Which lines in the records below contain the word "open"? Copy each one.

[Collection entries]
= = = =
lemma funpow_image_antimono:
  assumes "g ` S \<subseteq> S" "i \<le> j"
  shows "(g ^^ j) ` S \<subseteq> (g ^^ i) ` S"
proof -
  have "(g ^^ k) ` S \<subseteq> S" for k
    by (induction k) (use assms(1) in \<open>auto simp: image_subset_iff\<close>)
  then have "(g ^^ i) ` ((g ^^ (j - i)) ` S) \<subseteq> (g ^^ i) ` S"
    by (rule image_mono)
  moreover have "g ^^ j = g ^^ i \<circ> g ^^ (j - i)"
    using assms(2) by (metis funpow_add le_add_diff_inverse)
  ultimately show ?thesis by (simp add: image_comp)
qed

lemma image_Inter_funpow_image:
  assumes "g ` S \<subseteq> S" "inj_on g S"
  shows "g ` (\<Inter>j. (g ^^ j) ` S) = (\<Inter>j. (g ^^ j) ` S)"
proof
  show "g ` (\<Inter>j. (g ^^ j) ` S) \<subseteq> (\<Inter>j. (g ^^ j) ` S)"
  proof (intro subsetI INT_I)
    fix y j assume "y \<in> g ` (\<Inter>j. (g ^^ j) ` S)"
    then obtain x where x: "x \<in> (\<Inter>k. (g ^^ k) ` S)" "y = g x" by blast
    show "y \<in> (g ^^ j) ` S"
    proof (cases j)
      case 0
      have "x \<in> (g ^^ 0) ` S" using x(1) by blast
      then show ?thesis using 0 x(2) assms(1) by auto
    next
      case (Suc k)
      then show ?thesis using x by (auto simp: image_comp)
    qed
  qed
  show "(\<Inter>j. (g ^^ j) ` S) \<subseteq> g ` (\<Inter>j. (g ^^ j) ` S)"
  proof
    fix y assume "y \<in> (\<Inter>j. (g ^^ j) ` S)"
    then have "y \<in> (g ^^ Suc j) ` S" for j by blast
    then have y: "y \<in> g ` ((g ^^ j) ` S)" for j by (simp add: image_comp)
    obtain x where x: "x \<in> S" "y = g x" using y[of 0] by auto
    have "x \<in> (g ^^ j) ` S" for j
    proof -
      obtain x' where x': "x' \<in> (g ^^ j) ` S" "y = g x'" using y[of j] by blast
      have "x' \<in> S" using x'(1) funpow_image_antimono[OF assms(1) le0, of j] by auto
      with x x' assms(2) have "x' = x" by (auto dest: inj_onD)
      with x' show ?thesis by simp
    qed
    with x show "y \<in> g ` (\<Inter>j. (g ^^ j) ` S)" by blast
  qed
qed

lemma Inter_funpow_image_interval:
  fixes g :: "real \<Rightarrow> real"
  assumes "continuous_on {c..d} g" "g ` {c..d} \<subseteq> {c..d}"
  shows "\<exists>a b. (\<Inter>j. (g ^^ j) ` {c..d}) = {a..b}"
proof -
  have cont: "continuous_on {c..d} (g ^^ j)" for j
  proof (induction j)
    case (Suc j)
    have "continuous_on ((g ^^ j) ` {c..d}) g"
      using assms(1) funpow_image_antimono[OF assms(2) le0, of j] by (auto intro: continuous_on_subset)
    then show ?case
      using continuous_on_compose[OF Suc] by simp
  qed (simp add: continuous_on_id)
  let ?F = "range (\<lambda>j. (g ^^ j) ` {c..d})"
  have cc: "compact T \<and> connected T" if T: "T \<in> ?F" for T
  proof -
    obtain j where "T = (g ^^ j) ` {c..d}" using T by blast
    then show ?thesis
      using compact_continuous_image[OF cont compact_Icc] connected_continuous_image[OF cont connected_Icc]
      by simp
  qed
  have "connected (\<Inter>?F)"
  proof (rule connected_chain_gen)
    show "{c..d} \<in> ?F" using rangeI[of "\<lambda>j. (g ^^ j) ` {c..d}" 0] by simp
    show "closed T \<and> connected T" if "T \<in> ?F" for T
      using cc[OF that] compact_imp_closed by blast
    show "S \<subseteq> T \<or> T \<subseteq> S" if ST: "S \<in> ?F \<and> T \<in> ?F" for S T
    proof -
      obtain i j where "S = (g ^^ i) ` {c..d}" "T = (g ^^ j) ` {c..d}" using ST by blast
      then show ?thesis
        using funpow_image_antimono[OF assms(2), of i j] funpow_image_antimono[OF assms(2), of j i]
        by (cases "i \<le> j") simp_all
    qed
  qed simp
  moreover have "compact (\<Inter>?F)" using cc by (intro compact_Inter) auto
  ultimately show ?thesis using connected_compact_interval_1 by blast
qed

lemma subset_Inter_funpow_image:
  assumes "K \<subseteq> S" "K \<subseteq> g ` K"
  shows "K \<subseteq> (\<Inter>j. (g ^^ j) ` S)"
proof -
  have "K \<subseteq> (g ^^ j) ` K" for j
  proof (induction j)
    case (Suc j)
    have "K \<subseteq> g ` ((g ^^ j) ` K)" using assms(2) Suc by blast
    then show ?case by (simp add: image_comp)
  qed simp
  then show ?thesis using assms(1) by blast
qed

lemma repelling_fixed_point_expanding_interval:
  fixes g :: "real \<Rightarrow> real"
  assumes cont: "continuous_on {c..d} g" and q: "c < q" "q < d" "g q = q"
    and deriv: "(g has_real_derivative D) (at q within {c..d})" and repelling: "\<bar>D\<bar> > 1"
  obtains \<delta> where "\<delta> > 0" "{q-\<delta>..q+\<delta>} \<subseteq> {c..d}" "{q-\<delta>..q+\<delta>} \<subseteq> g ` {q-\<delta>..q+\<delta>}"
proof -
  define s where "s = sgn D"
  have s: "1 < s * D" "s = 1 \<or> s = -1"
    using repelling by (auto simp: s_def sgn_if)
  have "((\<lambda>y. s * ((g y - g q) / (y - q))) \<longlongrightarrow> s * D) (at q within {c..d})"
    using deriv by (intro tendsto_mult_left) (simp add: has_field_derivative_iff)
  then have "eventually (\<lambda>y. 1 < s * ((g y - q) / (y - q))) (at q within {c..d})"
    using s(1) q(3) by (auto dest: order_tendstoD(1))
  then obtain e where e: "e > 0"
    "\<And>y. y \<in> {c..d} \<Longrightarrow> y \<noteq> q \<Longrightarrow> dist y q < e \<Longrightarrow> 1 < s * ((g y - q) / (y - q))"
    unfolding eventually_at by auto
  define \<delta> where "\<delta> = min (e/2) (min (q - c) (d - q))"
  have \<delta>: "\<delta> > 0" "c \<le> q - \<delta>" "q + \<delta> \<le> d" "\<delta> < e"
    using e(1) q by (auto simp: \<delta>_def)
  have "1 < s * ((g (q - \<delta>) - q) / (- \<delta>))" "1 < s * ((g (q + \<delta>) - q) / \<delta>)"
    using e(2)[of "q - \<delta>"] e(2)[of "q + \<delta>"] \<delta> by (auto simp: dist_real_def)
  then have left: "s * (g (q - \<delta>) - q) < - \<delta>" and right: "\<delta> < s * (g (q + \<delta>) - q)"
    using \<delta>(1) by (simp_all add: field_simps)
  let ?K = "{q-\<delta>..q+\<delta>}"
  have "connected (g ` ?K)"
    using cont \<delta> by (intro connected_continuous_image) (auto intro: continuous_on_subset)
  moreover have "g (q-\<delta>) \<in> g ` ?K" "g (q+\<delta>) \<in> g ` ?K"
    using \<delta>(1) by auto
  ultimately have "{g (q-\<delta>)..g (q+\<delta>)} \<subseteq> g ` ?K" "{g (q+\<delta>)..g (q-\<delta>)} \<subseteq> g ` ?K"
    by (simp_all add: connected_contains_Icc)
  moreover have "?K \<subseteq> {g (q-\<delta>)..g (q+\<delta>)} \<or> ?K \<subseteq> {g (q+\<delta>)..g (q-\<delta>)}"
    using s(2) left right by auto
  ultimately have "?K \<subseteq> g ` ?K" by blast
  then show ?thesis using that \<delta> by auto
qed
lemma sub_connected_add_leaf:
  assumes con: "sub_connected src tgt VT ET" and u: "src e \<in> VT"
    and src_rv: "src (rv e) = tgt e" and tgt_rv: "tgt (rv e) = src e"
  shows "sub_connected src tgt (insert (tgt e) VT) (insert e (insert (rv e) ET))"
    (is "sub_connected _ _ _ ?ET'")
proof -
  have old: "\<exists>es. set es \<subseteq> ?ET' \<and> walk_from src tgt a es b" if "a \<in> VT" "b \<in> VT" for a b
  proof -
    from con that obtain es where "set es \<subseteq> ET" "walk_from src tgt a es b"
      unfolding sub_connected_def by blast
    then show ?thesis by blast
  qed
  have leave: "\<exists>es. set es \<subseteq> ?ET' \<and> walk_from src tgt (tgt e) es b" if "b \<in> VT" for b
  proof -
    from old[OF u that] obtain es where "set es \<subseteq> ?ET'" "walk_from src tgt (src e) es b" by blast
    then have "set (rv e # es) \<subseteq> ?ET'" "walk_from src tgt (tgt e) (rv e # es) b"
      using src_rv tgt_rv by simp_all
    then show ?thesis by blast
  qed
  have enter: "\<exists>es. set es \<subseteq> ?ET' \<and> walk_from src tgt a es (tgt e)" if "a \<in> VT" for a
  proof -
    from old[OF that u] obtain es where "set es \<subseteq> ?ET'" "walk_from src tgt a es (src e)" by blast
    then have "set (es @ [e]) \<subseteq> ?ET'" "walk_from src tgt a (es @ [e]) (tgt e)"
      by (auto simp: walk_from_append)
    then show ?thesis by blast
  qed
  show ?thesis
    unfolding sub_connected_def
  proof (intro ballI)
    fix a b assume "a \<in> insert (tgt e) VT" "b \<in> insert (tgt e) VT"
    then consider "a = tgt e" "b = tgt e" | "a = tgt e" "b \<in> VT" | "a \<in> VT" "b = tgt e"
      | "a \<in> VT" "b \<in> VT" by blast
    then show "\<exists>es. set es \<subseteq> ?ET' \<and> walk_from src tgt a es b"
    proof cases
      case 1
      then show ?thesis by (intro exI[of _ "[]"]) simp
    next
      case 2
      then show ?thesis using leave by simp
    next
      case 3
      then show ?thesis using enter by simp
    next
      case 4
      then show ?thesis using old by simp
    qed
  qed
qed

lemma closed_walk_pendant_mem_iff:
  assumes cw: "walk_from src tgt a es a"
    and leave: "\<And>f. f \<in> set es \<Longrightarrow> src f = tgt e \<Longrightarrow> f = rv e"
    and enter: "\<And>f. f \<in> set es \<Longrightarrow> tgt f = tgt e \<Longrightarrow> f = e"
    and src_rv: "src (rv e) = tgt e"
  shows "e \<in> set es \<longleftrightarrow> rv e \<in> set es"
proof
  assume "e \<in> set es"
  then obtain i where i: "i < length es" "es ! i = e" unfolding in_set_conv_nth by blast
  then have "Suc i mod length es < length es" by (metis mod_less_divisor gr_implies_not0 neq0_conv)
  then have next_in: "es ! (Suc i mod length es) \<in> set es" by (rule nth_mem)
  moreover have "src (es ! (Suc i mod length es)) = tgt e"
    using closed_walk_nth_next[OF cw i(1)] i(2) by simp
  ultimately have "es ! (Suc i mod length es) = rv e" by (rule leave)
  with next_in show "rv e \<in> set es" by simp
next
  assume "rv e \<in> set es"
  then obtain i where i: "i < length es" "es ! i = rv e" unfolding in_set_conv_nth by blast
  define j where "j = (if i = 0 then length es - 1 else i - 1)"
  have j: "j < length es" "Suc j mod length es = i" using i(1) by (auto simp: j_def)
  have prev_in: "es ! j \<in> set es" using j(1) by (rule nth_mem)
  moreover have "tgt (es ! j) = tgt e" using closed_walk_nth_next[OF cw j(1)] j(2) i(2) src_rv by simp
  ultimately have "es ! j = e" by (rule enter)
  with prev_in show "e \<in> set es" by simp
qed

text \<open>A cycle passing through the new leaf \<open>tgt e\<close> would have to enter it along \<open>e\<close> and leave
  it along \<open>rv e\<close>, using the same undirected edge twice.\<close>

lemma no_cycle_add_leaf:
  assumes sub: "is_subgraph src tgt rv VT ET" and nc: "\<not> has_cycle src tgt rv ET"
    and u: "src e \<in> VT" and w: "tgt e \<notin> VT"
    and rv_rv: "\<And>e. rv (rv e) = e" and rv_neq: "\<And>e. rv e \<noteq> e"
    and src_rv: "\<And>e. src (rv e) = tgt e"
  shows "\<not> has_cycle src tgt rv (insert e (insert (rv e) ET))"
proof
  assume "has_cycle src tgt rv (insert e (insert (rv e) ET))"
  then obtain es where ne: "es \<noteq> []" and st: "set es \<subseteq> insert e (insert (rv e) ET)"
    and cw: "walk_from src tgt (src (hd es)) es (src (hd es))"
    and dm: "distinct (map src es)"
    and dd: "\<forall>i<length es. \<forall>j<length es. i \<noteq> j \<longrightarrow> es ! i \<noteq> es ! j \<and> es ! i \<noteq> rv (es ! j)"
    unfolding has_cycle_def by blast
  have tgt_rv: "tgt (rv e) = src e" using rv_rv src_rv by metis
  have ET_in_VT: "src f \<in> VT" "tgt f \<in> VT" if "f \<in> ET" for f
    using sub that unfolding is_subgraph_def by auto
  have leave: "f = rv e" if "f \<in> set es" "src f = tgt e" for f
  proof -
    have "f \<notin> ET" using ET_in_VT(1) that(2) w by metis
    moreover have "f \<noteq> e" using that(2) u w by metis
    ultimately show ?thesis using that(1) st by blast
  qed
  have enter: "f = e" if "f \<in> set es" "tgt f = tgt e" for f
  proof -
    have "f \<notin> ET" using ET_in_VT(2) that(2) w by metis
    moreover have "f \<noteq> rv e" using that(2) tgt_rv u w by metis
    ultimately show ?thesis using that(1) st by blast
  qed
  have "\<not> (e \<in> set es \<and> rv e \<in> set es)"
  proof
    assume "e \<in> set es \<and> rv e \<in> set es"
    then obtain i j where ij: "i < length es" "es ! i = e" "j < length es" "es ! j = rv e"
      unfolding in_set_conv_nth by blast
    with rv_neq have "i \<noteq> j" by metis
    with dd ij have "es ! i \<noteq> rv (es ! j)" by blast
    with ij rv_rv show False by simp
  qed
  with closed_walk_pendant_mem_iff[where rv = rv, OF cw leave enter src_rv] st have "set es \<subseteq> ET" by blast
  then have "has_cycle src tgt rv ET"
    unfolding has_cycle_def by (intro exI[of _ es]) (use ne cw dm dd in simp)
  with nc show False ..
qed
= = = =
_Exercise answer_
    by (induction k) (use assms(1) in \<open>auto simp: image_subset_iff\<close>)
text \<open>A cycle passing through the new leaf \<open>tgt e\<close> would have to enter it along \<open>e\<close> and leave
  it along \<open>rv e\<close>, using the same undirected edge twice.\<close>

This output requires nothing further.